The measure will "make it harder, not easier, to root out and prosecute sex traffickers," said Sen. Ron Wyden, one of only two senators to vote no on FOSTA.

screenshot/CSPANscreenshot/CSPANThe U.S. Senate just passed one of the worst bills in recent memory, the so-called "Allow States and Victims to Fight Online Sex Trafficking Act" (FOSTA) that cleared the House of Representatives in late February.

This is the measure that would make online prostitution ads a federal crime and decimate Section 230, the federal provision shielding web publishers and platforms from certain legal liabilities for the things that users post. It's largely portrayed as a response to Backpage, but its reach goes far far beyond that.

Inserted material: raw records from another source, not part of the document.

lemma ex_orthogonal_pair:
  assumes "2 \<le> dh" and "2 \<le> dmh"
  obtains a b where "a \<in> Ah" "b \<in> Amh" "a \<noteq> 0" "b \<noteq> 0" "B a b = 0"
proof -
  obtain a where "a \<in> Ah" "a \<noteq> 0" using kdim_obtains_independent_pair[OF kdim_h assms(1)] by metis
  moreover obtain b where "b \<in> Amh" "b \<noteq> 0" "B a b = 0"
    using ex_orthogonal[OF subspace_mh kdim_mh assms(2) Ah_J[OF \<open>a \<in> Ah\<close>]] by blast
  ultimately show thesis using that by blast
qed

lemma ex_nontrivial_isotropic:
  assumes "2 \<le> dh" and "2 \<le> dmh"
  shows "\<exists>x\<in>dsum Ah Amh. nontrivial Ah Amh x \<and> isotropic B x"
proof -
  obtain a b where "a \<in> Ah" "b \<in> Amh" "a \<noteq> 0" "b \<noteq> 0" "B a b = 0"
    using ex_orthogonal_pair[OF assms] by blast
  then show ?thesis using nontrivial_isotropic_iff dsumI by blast
qed

text \<open>Complete the isotropic \<open>a + b\<close> by a dual vector \<open>a' + b'\<close> and make \<open>a'\<close> orthogonal
  to \<open>b'\<close> by subtracting the appropriate multiple of \<open>a\<close>.\<close>
lemma ex_hyperbolic_pair:
  assumes "2 \<le> dh" and "2 \<le> dmh"
  shows "\<exists>x\<in>dsum Ah Amh. \<exists>y\<in>dsum Ah Amh. hyperbolic_pair n B (K l) (K (negmod n l)) Ah Amh x y"
proof -
  obtain a b where a: "a \<in> Ah" "a \<noteq> 0" and b: "b \<in> Amh" "b \<noteq> 0" and ab: "B a b = 0"
    using ex_orthogonal_pair[OF assms] by metis
  obtain b' where b': "b' \<in> Amh" "B a b' = idem l" using ex_dual_right[OF a] by blast
  obtain a' where a': "a' \<in> Ah" "B a' b = idem l" using ex_dual_left[OF b] by blast
  have J: "a \<in> J l" "a' \<in> J l" "b \<in> J (negmod n l)" "b' \<in> J (negmod n l)"
    using a a' b b' Ah_J Amh_J by auto
  let ?u = "- B a' b'"
  have u: "?u \<in> K l" by (rule K_uminus[OF in_K[OF J(2,4)]])
  let ?a'' = "a' + rmul n ?u a"
  have a'': "?a'' \<in> Ah" using subspace_h u a'(1) a(1) unfolding ksubspace_def by blast
  have "B ?a'' b' = B a' b' + rmul n ?u (idem l)"
    using add_left rmul_left[OF u J(1,4)] b'(2) by simp
  then have a''b': "B ?a'' b' = 0" using rmul_idem_J[OF K_subset_J[OF u]] by (simp add: rmul_comm)
  have a''b: "B ?a'' b = idem l" using add_left rmul_left[OF u J(1,3)] ab a'(2) by (simp add: rmul_0)
  have "?a'' \<noteq> 0" "b' \<noteq> 0" using a''b b'(2) idem_neq_0 zero_left zero_right by auto
  then have y: "nontrivial Ah Amh (?a'' + b') \<and> isotropic B (?a'' + b')"
    using nontrivial_isotropic_iff a'' b'(1) a''b' by blast
  have x: "nontrivial Ah Amh (a + b) \<and> isotropic B (a + b)"
    using nontrivial_isotropic_iff a b ab by blast
  have "B (a + b) (?a'' + b') = B a b' + bar (B ?a'' b)"
    using add_add[OF J(1) Ah_J[OF a''] J(3,4)] swap[OF Ah_J[OF a''] J(3)] by simp
  then have "B (a + b) (?a'' + b') = idem l + idem (negmod n l)"
    using a''b b'(2) bar_idem by simp
  then have "hyperbolic_pair n B (K l) (K (negmod n l)) Ah Amh (a + b) (?a'' + b')"
    unfolding hyperbolic_pair_def ident_K using x y by simp
  moreover have "a + b \<in> dsum Ah Amh" by (rule dsumI[OF a(1) b(1)])
  moreover have "?a'' + b' \<in> dsum Ah Amh" by (rule dsumI[OF a'' b'(1)])
  ultimately show ?thesis by blast
qed

end

theorem lemma3p5:
  fixes \<eta> \<gamma> :: "'a::{field,finite}"
    and \<theta> :: "'a poly"
    and p k q N n t lh l r :: nat
    and \<delta> :: delta
    and Ah Amh :: "'a poly set"
  defines "Kh \<equiv> Kideal \<eta> n q lh"
    and "Kmh \<equiv> Kideal \<eta> n q (negmod n lh)"
    and "Jh \<equiv> Jideal \<eta> n q t lh"
    and "Jmh \<equiv> Jideal \<eta> n q t (negmod n lh)"
    and "B \<equiv> form_delta \<delta> n q t \<gamma> \<theta>"
  assumes "prime p" and "k \<ge> 1" and "q = p ^ k"
    and "N \<ge> 1" and "t dvd N" and "card (UNIV :: 'a set) = q ^ N"
    and "n \<ge> 1" and "coprime n q" and "t \<ge> 2"
    and "primitive_root n \<eta>"
    and "lh < n"
    \<comment> \<open>h belongs to M: h lies in a 2-cycle of mu\<close>
    and "cyc_coset n q lh \<noteq> cyc_coset n q (negmod n lh)"
    and "t \<in> Tset \<delta> p"
    and "\<delta> = DGammaH \<Longrightarrow>
           \<gamma> \<noteq> 0 \<and> \<gamma> \<in> subF (q ^ (2 ^ multiplicity 2 t))
           \<and> \<gamma> + \<gamma> ^ (q ^ (2 ^ (multiplicity 2 t - 1))) = 0
           \<and> \<theta> \<in> Kh \<and> \<theta> \<noteq> 0"
    and "ksubspace n Kh Jh Ah" and "kdim n Kh Ah l"
    and "ksubspace n Kmh Jmh Amh" and "kdim n Kmh Amh r"
    and "nondeg B (dsum Ah Amh)"
  shows
    "((l = 1 \<or> r = 1) \<longrightarrow>
        \<not> (\<exists>x\<in>dsum Ah Amh. nontrivial Ah Amh x \<and> isotropic B x))
     \<and> ((l \<ge> 2 \<and> r \<ge> 2) \<longrightarrow>
        (\<exists>x\<in>dsum Ah Amh. nontrivial Ah Amh x \<and> isotropic B x))
     \<and> ((l \<ge> 2 \<and> r \<ge> 2) \<longrightarrow>
        (\<exists>x\<in>dsum Ah Amh. \<exists>y\<in>dsum Ah Amh. hyperbolic_pair n B Kh Kmh Ah Amh x y))
     \<and> (\<forall>x\<in>dsum Ah Amh. \<forall>y\<in>dsum Ah Amh. hyperbolic_pair n B Kh Kmh Ah Amh x y
          \<longrightarrow> nondeg B (gen_submod n Kh Kmh x y))"
proof -
  have "CHAR('a) = p"
    using CHAR_eq_if_card_eq_prime_power[of p "k * N"] assms(6,8,11) by (simp add: power_mult)
  then interpret coset_pair \<eta> k q n t lh
    by unfold_locales (use assms(8,12-15,17) in auto)
  have "hermitian_pairing \<eta> k q n t lh B"
    unfolding assms(5) by (rule hermitian_pairing_form_delta) (use assms(1,18,19) in auto)
  then interpret nondegenerate_pair \<eta> k q n t lh B Ah Amh l r
    by (rule nondegenerate_pair.intro, unfold_locales) (use assms(20-24) in \<open>simp_all add: assms(1-4)\<close>)
  have "Ah \<subseteq> Jh" "Amh \<subseteq> Jmh" using Ah_J Amh_J unfolding assms(3,4) by auto
  then show ?thesis
    using no_nontrivial_isotropic ex_nontrivial_isotropic ex_hyperbolic_pair nondeg_gen_submod
    unfolding assms(1-4) by blast
qed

"In the absence of Section 230, the internet as we know it would shrivel," warned Sen. Ron Wyden (D-Oregon) from the Senate floor Wednesday. "Civic organizations protecting their right to free speech could be [ruined] by their more powerful political opponents" and "there would be an enormous chilling effect on speech in America." That's why big companies like Facebook like efforts like this to weaken it, Wyden added—"because it would pull up the ladder in the tech world" so new companies couldn't afford to get in.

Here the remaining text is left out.